There isn't a spring on that float, I have a couple toros with that engine. Do make sure that when you put the float back on you have it right side up.


----------



## WarEagle26 (Sep 14, 2017)

metro424 said:


> There isn't a spring on that float, I have a couple toros with that engine. Do make sure that when you put the float back on you have it right side up.


Well, at least I'm not crazy for not remembering seeing one when I took it apart the first time. I guess it's possible I had the float upside down. When I put it back together the second time (after thinking "oh well, maybe it got stuck. I'll just try it again without the spring.") I made sure I had the float pointing the right way. No leaks this time. It ran great and idled perfectly all the way down on low throttle, which it wouldn't do before.

I was confused about the spring because the Kawasaki service manual for that engine shows a spring and talks about making sure the spring is seated correctly on the float.

Guess I still need to find a few sets of extra carb gaskets for when I will inevitably need to replace them.
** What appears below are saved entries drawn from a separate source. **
lemma locally_symmetric_flat_at_limit_of_flat_points:
  fixes M :: "(real^'n::{finite,linorder}) set"
  assumes "C2_submanifold M" "locally_symmetric M" "x0 \<in> M"
    and lim: "x0 islimpt {x\<in>M. \<exists>\<epsilon>>0. M \<inter> ball x \<epsilon> \<subseteq> equal_coords E}"
  shows "\<exists>s>0. M \<inter> ball x0 s \<subseteq> equal_coords E"
proof -
  obtain U V L and \<phi> \<psi> :: "real^'n::{finite,linorder} \<Rightarrow> real^'n::{finite,linorder}" and \<phi>' \<psi>'
    where "open U" "x0 \<in> U" "open V" "subspace L" "\<phi> ` U = V" and flat: "\<phi> ` (M \<inter> U) = V \<inter> L"
      and inv: "\<And>x. x \<in> U \<Longrightarrow> \<psi> (\<phi> x) = x"
      and \<phi>': "\<And>x. x \<in> U \<Longrightarrow> (\<phi> has_derivative blinfun_apply (\<phi>' x)) (at x)" "continuous (at x0) \<phi>'"
      and \<psi>': "\<And>z. z \<in> V \<Longrightarrow> (\<psi> has_derivative blinfun_apply (\<psi>' z)) (at z)"
        "continuous (at (\<phi> x0)) \<psi>'"
    by (rule C2_submanifold_C1_chart[OF assms(1,3)]) (rule that)
  obtain s0 where "s0 > 0" "ball x0 s0 \<subseteq> U" and lin: "\<forall>p\<in>ball x0 s0. \<forall>a\<in>ball x0 s0. \<forall>b\<in>ball x0 s0.
      norm (a - b - \<psi>' (\<phi> p) (\<phi> a - \<phi> b)) \<le> 1/2 * norm (a - b)"
    using chart_inverse_linearization[OF \<open>open U\<close> \<open>x0 \<in> U\<close> \<open>open V\<close> _ \<phi>' \<psi>' inv, of "1/2"]
      \<open>\<phi> ` U = V\<close> by auto
  obtain \<delta> where "\<delta> > 0" and swap: "\<And>a i j. a \<in> M \<inter> ball x0 \<delta> \<Longrightarrow> x0 $ i = x0 $ j \<Longrightarrow>
      perm_act (Transposition.transpose i j) a \<in> M \<inter> ball x0 \<delta> \<and>
      dist (perm_act (Transposition.transpose i j) a) x0 = dist a x0"
    using locally_symmetric_transpose_near[OF assms(2,3)] by blast
  define s where "s = min s0 \<delta>"
  have "s > 0" using \<open>s0 > 0\<close> \<open>\<delta> > 0\<close> by (simp add: s_def)
  have "{x\<in>M. \<exists>\<epsilon>>0. M \<inter> ball x \<epsilon> \<subseteq> equal_coords E} \<subseteq> equal_coords E"
    using centre_in_ball by blast
  then have "x0 \<in> equal_coords E"
    using islimpt_subset[OF lim] closed_equal_coords closed_limpt by blast
  obtain p \<epsilon> where "p \<in> M" "dist p x0 < s" "\<epsilon> > 0" "M \<inter> ball p \<epsilon> \<subseteq> equal_coords E"
    using lim \<open>s > 0\<close> unfolding islimpt_approachable by blast
  then have p: "p \<in> ball x0 s0" "p \<in> M \<inter> U"
    using \<open>ball x0 s0 \<subseteq> U\<close> by (auto simp: s_def dist_commute)
  have tangent: "\<psi>' (\<phi> p) l \<in> equal_coords E" if "l \<in> L" for l
    using chart_tangent_in_equal_coords[OF \<open>open V\<close> \<open>subspace L\<close> flat inv p(2) \<open>\<epsilon> > 0\<close>
        \<open>M \<inter> ball p \<epsilon> \<subseteq> equal_coords E\<close> _ that] \<psi>' flat p(2) by blast
  have "a $ i = a $ j" if a: "a \<in> M \<inter> ball x0 s" and "(i, j) \<in> E" for a i j
  proof -
    let ?b = "perm_act (Transposition.transpose i j) a"
    have "x0 $ i = x0 $ j"
      using \<open>x0 \<in> equal_coords E\<close> \<open>(i, j) \<in> E\<close> by (auto simp: equal_coords_def)
    then have "?b \<in> M" "dist ?b x0 = dist a x0"
      using swap[of a] a by (auto simp: s_def)
    then have ab: "a \<in> M \<inter> ball x0 s0" "?b \<in> M \<inter> ball x0 s0"
      using a by (auto simp: s_def dist_commute)
    then have "\<phi> a \<in> \<phi> ` (M \<inter> U)" "\<phi> ?b \<in> \<phi> ` (M \<inter> U)"
      using \<open>ball x0 s0 \<subseteq> U\<close> by auto
    then have "\<phi> a - \<phi> ?b \<in> L"
      using flat \<open>subspace L\<close> by (simp add: subspace_diff)
    then have "\<psi>' (\<phi> p) (\<phi> a - \<phi> ?b) $ i = \<psi>' (\<phi> p) (\<phi> a - \<phi> ?b) $ j"
      using tangent \<open>(i, j) \<in> E\<close> by (auto simp: equal_coords_def)
    moreover have "norm (a - ?b - \<psi>' (\<phi> p) (\<phi> a - \<phi> ?b)) \<le> 1/2 * norm (a - ?b)"
      using lin p(1) ab by blast
    ultimately show ?thesis
      by (rule coords_eq_of_swap_diff_near_balanced) simp
  qed
  then show ?thesis
    unfolding equal_coords_def using \<open>s > 0\<close> by blast
qed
Thanks for the replies everyone.


----------



## metro424 (May 26, 2017)

WarEagle26 said:


> metro424 said:
> 
> 
> > There isn't a spring on that float, I have a couple toros with that engine. Do make sure that when you put the float back on you have it right side up.
> ...


Glad you got it working. If there is supposed to be a spring I didn't have one on the 4 Kawasaki engines that I have but then again things go missing after a decade of use. I did buy one replacement carb float from jacks small engine since I killed the little rubber seat on the carb needle. Can't buy the needle separate so make sure to be very careful with it, I think I paid $70 for a new float? Those parts weren't kept in stock I think it took about 2weeks for me to get the carb gaskets air filter and other little parts from jacks small engine.


----------



## Greendoc (Mar 24, 2018)

I remember going through the service kit thing on my Kawasaki carb as well. Ended up buying a whole new one on eBay. It still leaked after the needle and all seals were replaced. Can't have fuel dripping all over the place.


----------



## MasterMech (Sep 24, 2017)

The Japanese engines are really BAD about repair kits for carbs. I've not seen an OEM repair kit for either Mikuni or Nikki carburetors that are typically used on these engines. At least there are a ton of aftermarket options s for Honda, Kawi, not so much.


----------



## Greendoc (Mar 24, 2018)

If my FE 120 ever acts up again, a Honda GX 160 I stripped from a Tru-Cut with a failed transmission system is waiting in the garage.


----------



## Colonel K0rn (Jul 4, 2017)

Greendoc said:


> If my FE 120 ever acts up again, a Honda GX 160 I stripped from a Tru-Cut with a failed transmission system is waiting in the garage.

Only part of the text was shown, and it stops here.